SUPPLIED INFORMATION
########################################

(* Cauchy transform of the weight along the parametrisation x = 2 sin t: the odd part of the
   kernel integrates to zero against the even weight. *)
lemma weight_cauchy_transform:
  assumes a: "0 \<le> a" "a < 1" and z: "z > 2"
  shows "integral {-pi/2..pi/2} (\<lambda>t. weight a t * (1 / (z - 2 * sin t)))
           = cos_moment a a * (G z * (1 - (G z)\<^sup>2) powr (a - 1))"
proof -
  define even where "even t = weight a t * (z / (z\<^sup>2 - 4 * (sin t)\<^sup>2))" for t
  define odd where "odd t = weight a t * (2 * sin t / (z\<^sup>2 - 4 * (sin t)\<^sup>2))" for t
  have split: "weight a t * (1 / (z - 2 * sin t)) = even t + odd t" for t
  proof -
    have den: "z\<^sup>2 - 4 * (sin t)\<^sup>2 = (z - 2 * sin t) * (z + 2 * sin t)"
      by (simp add: power2_eq_square algebra_simps)
    have "even t + odd t = weight a t * ((z + 2 * sin t) / (z\<^sup>2 - 4 * (sin t)\<^sup>2))"
      unfolding even_def odd_def by (simp add: add_divide_distrib distrib_left)
    also have "(z + 2 * sin t) / (z\<^sup>2 - 4 * (sin t)\<^sup>2) = 1 / (z - 2 * sin t)"
      using sin_kernel_pos(2)[OF z, of t] unfolding den by simp
    finally show ?thesis by simp
  qed
  have bound: "\<bar>even t\<bar> \<le> 2 * (z / (z\<^sup>2 - 4))" "\<bar>odd t\<bar> \<le> 2 * (2 / (z\<^sup>2 - 4))"
    if "t \<in> {-pi/2..pi/2}" for t
  proof -
    have den: "z\<^sup>2 - 4 * (sin t)\<^sup>2 \<ge> z\<^sup>2 - 4" "z\<^sup>2 - 4 > 0"
      using sin_kernel_pos(3)[OF z, of t] square_gt_four[OF z] by auto
    have "\<bar>2 * sin t\<bar> \<le> 2" using abs_sin_le_one[of t] by (simp add: abs_mult)
    then have odd_kernel: "\<bar>2 * sin t / (z\<^sup>2 - 4 * (sin t)\<^sup>2)\<bar> \<le> 2 / (z\<^sup>2 - 4)"
      using den by (simp add: abs_divide frac_le)
    have even_kernel: "\<bar>z / (z\<^sup>2 - 4 * (sin t)\<^sup>2)\<bar> \<le> z / (z\<^sup>2 - 4)"
      using den z by (simp add: abs_divide frac_le)
    have w: "\<bar>weight a t\<bar> \<le> 2" using weight_bounds[OF a that] by simp
    show "\<bar>even t\<bar> \<le> 2 * (z / (z\<^sup>2 - 4))"
      unfolding even_def abs_mult by (rule mult_mono[OF w even_kernel]) auto
    show "\<bar>odd t\<bar> \<le> 2 * (2 / (z\<^sup>2 - 4))"
      unfolding odd_def abs_mult by (rule mult_mono[OF w odd_kernel]) auto
  qed
  have "even integrable_on {-pi/2..pi/2}"
    by (rule lborel_integral_interval(3)[where S="{-pi/2..pi/2}", OF _ _ bound(1)]) (auto simp: even_def)
  moreover have "odd integrable_on {-pi/2..pi/2}"
    by (rule lborel_integral_interval(3)[where S="{-pi/2..pi/2}", OF _ _ bound(2)]) (auto simp: odd_def)
  moreover have "integral {-pi/2..pi/2} odd = 0"
    using odd_integral_zero[of odd "pi/2"] by (simp add: odd_def weight_even)
  ultimately have "integral {-pi/2..pi/2} (\<lambda>t. weight a t * (1 / (z - 2 * sin t)))
                     = integral {-pi/2..pi/2} even"
    unfolding split by (simp add: integral_add)
  also have "\<dots> = cos_moment a a * (G z * (1 - (G z)\<^sup>2) powr (a - 1))"
    unfolding even_def by (rule weight_even_kernel_integral[OF a z])
  finally show ?thesis .
qed
lemma normalized_pert_near_sign:
  fixes E :: "real^'n^'n"
  assumes "min (snorm ((1 / snorm E) *\<^sub>R E - mat 1)) (snorm ((1 / snorm E) *\<^sub>R E + mat 1)) \<le> \<epsilon>"
    and "\<epsilon> < 1"
  obtains s where "\<bar>s\<bar> = 1" and "snorm (E - (s * snorm E) *\<^sub>R mat 1) \<le> snorm E * \<epsilon>"
proof -
  define e where "e = snorm E"
  have "e \<noteq> 0"
  proof
    assume "e = 0"
    then have "min (snorm ((1 / e) *\<^sub>R E - mat 1)) (snorm ((1 / e) *\<^sub>R E + mat 1)) = 1"
      using snorm_scaleR[of "-1" "mat 1 :: real^'n^'n"] by (simp add: snorm_mat_1)
    then show False using assms by (simp add: e_def)
  qed
  then have e: "e > 0" using snorm_nonneg[of E] by (simp add: e_def)
  have scale: "E - (s * e) *\<^sub>R mat 1 = e *\<^sub>R ((1 / e) *\<^sub>R E - s *\<^sub>R mat 1)" for s
    using e by (simp add: scaleR_diff_right)
  obtain s where s: "\<bar>s\<bar> = 1" and close: "snorm ((1 / e) *\<^sub>R E - s *\<^sub>R mat 1) \<le> \<epsilon>"
  proof (cases "snorm ((1 / e) *\<^sub>R E - mat 1) \<le> \<epsilon>")
    case True
    then show thesis by (intro that[of 1]) simp_all
  next
    case False
    then have "snorm ((1 / e) *\<^sub>R E + mat 1) \<le> \<epsilon>" using assms(1) by (simp add: e_def)
    then show thesis by (intro that[of "-1"]) simp_all
  qed
  have "snorm (E - (s * e) *\<^sub>R mat 1) \<le> e * \<epsilon>"
    unfolding scale snorm_scaleR using e close by (simp add: mult_left_mono)
  then show thesis using s by (intro that) (simp_all add: e_def)
qed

########################################

WHAT YOU SHOULD DO
The response must hold only the lines above from the line with "unfolding even_def abs_mult" through the line with "using odd_integral_zero[of odd", each copied exactly, both ends kept.

EXERCISE OUTPUT
      unfolding even_def abs_mult by (rule mult_mono[OF w even_kernel]) auto
    show "\<bar>odd t\<bar> \<le> 2 * (2 / (z\<^sup>2 - 4))"
      unfolding odd_def abs_mult by (rule mult_mono[OF w odd_kernel]) auto
  qed
  have "even integrable_on {-pi/2..pi/2}"
    by (rule lborel_integral_interval(3)[where S="{-pi/2..pi/2}", OF _ _ bound(1)]) (auto simp: even_def)
  moreover have "odd integrable_on {-pi/2..pi/2}"
    by (rule lborel_integral_interval(3)[where S="{-pi/2..pi/2}", OF _ _ bound(2)]) (auto simp: odd_def)
  moreover have "integral {-pi/2..pi/2} odd = 0"
    using odd_integral_zero[of odd "pi/2"] by (simp add: odd_def weight_even)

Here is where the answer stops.